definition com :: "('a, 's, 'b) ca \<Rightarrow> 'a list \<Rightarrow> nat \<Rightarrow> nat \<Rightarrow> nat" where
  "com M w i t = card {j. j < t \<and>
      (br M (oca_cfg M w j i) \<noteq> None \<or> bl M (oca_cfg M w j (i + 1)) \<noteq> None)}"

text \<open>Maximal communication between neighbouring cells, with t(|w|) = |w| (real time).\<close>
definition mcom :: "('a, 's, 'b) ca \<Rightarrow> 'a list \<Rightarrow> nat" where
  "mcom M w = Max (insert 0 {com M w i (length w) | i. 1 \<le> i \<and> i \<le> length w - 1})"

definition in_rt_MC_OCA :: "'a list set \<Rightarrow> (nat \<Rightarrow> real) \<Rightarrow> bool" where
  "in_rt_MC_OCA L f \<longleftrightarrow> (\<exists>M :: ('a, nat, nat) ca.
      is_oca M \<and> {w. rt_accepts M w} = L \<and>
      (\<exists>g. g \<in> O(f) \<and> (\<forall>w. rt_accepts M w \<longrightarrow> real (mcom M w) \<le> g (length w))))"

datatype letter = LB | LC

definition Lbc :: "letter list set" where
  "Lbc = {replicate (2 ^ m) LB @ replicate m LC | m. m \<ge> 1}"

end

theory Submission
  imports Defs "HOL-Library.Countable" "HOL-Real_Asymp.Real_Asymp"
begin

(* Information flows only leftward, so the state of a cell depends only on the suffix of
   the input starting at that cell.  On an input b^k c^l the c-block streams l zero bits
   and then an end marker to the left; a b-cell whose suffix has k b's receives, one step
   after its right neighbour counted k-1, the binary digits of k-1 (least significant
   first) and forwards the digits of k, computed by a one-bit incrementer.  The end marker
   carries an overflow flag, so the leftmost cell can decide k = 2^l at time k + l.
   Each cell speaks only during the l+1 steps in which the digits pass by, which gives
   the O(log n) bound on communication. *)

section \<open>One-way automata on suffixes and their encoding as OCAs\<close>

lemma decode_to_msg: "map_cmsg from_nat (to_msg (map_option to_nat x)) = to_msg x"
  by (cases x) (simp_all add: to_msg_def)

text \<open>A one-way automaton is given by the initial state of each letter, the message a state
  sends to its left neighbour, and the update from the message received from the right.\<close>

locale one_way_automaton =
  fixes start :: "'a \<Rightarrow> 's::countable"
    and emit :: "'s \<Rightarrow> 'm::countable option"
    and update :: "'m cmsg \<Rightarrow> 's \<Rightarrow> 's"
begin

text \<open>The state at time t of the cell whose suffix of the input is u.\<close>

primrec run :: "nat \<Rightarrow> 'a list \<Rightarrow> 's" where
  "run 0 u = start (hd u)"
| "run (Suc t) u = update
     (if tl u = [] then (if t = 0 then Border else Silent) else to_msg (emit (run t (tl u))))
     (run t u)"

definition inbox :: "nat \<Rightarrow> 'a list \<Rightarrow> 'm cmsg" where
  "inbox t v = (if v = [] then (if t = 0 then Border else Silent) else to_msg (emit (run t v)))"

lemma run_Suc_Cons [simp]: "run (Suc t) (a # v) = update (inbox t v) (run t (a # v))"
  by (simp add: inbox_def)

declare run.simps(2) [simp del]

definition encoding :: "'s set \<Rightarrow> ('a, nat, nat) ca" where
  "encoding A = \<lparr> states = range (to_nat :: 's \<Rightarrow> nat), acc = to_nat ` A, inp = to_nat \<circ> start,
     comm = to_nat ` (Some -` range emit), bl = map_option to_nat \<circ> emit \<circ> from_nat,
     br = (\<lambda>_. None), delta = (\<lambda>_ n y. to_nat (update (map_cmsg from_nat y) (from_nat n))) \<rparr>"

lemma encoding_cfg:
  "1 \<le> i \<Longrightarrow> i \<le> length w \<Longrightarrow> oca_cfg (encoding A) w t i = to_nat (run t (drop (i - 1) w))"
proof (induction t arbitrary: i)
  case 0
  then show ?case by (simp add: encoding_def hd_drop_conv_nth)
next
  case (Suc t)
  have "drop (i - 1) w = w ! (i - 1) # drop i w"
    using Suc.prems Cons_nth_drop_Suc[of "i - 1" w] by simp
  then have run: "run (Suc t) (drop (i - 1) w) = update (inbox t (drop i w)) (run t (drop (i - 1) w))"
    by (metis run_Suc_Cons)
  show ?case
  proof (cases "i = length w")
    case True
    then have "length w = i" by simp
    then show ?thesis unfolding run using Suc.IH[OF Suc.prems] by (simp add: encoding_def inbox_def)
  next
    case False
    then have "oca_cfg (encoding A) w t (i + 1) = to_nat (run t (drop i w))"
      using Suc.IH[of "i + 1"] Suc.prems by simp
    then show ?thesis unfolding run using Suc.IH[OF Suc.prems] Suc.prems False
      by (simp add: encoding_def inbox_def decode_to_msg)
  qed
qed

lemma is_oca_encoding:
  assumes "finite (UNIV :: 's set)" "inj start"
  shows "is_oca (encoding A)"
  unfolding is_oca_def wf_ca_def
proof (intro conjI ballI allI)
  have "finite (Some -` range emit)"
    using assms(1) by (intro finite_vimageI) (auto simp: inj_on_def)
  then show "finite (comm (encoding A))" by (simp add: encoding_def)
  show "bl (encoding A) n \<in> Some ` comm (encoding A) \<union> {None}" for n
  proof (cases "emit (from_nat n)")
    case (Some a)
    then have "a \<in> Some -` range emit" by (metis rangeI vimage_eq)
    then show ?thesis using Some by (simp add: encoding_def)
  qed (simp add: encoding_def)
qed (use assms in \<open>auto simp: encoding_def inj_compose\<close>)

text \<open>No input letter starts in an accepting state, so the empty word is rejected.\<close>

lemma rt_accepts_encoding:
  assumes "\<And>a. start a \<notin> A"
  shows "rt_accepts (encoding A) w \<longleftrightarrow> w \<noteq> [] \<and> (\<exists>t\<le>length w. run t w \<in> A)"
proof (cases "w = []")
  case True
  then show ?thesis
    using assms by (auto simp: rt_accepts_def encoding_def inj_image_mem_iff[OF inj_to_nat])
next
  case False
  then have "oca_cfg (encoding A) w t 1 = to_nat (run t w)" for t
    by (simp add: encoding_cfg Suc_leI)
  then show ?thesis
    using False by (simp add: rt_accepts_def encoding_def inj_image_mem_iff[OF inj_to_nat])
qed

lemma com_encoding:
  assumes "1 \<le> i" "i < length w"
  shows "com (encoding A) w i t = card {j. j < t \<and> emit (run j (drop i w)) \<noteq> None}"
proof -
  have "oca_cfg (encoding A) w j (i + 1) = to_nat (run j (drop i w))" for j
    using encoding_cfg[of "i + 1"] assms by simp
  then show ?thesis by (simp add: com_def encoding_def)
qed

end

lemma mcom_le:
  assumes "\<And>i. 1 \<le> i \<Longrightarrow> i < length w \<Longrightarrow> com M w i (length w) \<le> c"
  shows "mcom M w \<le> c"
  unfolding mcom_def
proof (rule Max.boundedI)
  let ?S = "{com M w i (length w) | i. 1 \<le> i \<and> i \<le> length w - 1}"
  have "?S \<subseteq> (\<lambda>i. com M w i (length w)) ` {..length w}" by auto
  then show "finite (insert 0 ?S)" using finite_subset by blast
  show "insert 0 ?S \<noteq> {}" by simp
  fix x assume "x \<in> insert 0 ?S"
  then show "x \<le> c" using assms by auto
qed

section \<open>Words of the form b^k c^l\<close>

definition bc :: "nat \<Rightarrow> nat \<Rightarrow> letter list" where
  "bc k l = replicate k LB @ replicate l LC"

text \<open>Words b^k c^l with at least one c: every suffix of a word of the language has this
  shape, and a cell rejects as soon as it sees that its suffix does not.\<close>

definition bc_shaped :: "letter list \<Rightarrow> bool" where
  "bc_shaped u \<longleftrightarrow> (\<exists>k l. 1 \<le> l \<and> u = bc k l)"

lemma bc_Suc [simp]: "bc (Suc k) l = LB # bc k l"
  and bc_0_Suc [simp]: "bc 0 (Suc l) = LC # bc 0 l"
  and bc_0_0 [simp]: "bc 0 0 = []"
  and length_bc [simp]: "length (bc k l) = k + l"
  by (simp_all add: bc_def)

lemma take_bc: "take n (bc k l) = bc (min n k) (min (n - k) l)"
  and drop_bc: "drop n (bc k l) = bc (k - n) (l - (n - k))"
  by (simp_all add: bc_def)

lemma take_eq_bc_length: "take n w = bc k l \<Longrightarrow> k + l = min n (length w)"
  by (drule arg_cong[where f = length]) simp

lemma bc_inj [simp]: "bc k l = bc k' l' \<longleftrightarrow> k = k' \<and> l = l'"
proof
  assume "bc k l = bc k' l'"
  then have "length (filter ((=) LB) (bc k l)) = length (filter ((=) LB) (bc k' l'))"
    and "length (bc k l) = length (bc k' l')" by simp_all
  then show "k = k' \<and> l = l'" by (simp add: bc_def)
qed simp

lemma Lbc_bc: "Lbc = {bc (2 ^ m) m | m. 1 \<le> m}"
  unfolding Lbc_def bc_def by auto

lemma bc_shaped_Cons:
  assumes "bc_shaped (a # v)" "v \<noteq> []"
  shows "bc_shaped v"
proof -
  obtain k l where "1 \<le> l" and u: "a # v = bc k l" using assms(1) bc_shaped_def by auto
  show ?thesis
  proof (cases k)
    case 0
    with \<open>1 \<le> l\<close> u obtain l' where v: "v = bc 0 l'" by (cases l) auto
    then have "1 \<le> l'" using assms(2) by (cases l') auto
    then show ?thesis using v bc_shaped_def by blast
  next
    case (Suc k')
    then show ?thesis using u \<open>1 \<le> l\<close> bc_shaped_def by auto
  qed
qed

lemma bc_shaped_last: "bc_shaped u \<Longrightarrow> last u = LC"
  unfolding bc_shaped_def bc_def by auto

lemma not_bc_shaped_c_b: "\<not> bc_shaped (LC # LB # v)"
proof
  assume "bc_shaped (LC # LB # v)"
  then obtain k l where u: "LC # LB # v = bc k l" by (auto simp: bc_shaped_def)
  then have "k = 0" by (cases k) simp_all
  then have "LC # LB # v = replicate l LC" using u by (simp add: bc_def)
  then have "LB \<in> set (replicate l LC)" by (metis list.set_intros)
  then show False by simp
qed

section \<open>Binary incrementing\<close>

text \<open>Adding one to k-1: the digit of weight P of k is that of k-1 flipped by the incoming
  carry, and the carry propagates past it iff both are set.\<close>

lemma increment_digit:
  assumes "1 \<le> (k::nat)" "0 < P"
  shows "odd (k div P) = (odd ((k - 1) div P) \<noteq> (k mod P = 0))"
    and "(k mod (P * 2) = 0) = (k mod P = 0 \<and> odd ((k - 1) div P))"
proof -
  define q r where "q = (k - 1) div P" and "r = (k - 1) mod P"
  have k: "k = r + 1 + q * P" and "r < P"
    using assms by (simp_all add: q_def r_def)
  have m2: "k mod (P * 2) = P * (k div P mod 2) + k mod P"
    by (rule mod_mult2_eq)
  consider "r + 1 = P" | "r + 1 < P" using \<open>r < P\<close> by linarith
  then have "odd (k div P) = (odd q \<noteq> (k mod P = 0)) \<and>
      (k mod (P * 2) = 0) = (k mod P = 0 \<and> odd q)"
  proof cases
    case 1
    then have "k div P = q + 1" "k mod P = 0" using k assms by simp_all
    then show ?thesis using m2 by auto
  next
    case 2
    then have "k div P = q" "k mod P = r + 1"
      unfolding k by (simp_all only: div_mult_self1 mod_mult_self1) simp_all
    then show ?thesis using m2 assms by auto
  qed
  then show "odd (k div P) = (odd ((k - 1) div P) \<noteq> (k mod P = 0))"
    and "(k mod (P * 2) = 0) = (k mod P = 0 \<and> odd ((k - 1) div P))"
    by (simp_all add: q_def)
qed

=== Exercise details ===
Every line above holding the string "section" should be listed.

=== Written response ===
section \<open>One-way automata on suffixes and their encoding as OCAs\<close>
section \<open>Words of the form b^k c^l\<close>
section \<open>Binary incrementing\<close>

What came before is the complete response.